## Data extract:
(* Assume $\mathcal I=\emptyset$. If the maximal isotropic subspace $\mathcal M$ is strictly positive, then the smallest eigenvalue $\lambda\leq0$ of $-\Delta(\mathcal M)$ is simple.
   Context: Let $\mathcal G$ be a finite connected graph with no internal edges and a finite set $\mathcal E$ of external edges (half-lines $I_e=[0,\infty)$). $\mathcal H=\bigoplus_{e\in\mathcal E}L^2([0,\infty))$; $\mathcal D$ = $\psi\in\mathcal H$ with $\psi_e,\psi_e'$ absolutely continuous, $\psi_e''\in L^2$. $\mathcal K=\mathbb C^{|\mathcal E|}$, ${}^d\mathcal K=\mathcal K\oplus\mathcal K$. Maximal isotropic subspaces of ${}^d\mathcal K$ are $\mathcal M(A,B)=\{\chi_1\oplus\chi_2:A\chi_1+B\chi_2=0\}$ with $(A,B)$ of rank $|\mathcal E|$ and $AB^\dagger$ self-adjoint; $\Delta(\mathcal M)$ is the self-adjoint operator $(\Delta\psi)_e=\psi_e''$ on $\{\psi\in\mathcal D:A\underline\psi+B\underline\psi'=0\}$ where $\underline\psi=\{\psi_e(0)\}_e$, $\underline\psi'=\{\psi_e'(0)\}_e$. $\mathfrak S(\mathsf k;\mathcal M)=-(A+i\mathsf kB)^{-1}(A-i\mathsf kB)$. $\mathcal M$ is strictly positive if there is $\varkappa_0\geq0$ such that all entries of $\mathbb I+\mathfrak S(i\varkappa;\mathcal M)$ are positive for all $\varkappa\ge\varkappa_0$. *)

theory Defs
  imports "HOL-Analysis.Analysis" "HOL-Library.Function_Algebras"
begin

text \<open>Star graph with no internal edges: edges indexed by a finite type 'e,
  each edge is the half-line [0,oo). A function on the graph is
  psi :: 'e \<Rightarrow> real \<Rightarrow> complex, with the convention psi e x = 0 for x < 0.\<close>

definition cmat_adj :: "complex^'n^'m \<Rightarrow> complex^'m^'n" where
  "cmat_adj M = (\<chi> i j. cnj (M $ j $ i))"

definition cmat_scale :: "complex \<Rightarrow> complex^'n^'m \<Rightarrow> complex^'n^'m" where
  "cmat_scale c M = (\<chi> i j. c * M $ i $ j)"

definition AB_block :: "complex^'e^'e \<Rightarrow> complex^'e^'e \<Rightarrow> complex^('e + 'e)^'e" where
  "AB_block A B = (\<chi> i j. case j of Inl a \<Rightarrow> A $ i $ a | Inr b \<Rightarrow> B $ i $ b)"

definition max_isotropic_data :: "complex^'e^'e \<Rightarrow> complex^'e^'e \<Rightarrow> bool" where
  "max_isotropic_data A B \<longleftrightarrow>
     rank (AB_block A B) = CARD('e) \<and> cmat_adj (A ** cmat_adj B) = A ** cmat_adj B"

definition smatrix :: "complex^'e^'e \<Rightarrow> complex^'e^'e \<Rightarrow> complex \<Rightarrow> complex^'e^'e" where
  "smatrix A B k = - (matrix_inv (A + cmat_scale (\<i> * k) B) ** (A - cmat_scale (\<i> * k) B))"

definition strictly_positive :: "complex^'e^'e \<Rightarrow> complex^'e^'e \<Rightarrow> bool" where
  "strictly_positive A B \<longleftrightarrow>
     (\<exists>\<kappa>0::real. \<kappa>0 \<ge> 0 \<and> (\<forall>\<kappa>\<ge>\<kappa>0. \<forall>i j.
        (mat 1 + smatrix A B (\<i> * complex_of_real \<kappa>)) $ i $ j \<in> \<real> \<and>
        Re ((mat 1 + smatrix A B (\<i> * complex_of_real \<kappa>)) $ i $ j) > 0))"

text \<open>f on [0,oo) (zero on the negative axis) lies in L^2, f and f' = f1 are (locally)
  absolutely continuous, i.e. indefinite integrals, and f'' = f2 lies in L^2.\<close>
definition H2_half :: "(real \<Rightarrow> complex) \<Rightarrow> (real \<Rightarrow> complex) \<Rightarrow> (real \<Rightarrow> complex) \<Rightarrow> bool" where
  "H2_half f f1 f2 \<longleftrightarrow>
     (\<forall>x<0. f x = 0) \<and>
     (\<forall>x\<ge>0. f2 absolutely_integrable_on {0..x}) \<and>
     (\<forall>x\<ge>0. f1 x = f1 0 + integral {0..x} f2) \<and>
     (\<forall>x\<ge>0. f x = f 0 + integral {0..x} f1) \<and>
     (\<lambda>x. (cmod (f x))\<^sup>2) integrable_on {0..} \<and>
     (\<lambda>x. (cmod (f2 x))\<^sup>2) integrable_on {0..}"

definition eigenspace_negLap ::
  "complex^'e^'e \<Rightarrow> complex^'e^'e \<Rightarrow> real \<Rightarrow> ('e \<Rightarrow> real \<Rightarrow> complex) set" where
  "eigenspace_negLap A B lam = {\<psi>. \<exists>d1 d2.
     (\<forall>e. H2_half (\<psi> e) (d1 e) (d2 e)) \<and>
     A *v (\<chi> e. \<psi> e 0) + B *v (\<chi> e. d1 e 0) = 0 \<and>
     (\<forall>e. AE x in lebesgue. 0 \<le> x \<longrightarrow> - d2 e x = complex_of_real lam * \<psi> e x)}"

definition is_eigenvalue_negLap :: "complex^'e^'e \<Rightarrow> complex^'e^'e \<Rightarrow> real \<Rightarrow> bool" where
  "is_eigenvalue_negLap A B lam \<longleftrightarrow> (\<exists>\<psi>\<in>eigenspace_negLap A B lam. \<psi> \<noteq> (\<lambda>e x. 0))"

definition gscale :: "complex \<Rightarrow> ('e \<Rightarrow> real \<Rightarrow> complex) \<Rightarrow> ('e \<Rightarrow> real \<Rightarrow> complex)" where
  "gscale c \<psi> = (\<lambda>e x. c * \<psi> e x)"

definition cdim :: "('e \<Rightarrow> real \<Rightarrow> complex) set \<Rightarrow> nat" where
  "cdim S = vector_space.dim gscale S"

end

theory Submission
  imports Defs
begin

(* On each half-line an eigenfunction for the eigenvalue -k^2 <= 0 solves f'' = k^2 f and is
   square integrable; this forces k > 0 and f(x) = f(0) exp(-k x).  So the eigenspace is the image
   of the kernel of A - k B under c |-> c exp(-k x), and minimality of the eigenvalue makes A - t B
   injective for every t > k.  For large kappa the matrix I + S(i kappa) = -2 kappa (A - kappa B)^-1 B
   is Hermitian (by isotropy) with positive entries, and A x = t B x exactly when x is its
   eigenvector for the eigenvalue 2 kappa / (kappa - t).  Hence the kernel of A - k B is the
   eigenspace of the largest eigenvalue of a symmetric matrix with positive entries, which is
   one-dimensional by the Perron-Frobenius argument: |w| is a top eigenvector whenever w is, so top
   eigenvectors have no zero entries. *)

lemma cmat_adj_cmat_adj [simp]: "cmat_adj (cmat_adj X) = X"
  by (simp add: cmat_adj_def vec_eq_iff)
--
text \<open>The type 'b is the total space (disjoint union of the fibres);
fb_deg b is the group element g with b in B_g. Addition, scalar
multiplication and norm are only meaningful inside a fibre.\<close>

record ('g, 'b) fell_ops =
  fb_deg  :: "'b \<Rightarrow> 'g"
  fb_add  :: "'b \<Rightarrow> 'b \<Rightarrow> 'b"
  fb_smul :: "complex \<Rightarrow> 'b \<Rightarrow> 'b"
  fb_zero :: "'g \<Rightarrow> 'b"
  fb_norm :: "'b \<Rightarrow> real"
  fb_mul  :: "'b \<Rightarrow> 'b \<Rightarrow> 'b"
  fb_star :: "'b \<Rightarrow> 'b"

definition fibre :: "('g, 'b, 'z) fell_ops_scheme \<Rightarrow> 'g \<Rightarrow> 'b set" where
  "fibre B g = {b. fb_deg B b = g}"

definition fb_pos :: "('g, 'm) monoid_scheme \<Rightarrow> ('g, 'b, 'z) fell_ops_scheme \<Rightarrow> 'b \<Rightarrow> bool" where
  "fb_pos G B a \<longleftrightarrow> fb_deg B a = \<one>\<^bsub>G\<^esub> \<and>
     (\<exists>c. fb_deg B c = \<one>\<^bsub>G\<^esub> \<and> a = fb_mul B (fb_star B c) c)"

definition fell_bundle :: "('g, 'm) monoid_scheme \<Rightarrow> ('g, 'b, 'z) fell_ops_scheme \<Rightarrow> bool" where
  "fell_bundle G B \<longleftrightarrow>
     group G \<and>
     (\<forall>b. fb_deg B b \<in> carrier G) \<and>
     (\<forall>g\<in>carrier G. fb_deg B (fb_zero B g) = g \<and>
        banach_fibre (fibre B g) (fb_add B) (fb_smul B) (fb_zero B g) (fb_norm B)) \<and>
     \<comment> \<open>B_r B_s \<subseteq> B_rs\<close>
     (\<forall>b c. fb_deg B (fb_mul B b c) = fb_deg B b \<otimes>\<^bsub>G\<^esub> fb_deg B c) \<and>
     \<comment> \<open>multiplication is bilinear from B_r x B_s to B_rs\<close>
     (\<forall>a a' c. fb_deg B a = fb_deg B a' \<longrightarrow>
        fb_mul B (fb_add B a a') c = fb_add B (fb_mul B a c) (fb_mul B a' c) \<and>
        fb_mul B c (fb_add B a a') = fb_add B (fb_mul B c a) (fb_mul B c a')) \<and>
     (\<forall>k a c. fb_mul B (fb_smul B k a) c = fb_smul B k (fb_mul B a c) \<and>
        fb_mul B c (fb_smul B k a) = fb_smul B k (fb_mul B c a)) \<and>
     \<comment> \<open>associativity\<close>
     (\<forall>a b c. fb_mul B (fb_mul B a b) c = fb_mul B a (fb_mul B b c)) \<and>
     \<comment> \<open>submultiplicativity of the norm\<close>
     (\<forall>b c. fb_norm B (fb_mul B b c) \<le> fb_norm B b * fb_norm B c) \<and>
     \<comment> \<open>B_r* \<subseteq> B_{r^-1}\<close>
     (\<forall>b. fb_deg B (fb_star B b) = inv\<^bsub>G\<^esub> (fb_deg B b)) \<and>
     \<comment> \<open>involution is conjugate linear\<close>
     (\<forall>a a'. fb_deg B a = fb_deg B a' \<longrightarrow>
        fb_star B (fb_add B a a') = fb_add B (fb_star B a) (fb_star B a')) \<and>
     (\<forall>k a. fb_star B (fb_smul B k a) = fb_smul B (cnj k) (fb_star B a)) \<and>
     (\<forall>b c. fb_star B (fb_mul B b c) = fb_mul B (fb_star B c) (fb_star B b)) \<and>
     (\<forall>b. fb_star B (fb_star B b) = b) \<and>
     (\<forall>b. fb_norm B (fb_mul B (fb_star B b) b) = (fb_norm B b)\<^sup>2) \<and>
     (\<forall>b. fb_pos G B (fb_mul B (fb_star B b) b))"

## What you should do:
Return, word for word, the lines of the data above from the line with "of the kernel" through the line with "eigenvectors have no zero entries. *)", inclusive.

## Task result:
   of the kernel of A - k B under c |-> c exp(-k x), and minimality of the eigenvalue makes A - t B
   injective for every t > k.  For large kappa the matrix I + S(i kappa) = -2 kappa (A - kappa B)^-1 B
   is Hermitian (by isotropy) with positive entries, and A x = t B x exactly when x is its
   eigenvector for the eigenvalue 2 kappa / (kappa - t).  Hence the kernel of A - k B is the
   eigenspace of the largest eigenvalue of a symmetric matrix with positive entries, which is
   one-dimensional by the Perron-Frobenius argument: |w| is a top eigenvector whenever w is, so top
   eigenvectors have no zero entries. *)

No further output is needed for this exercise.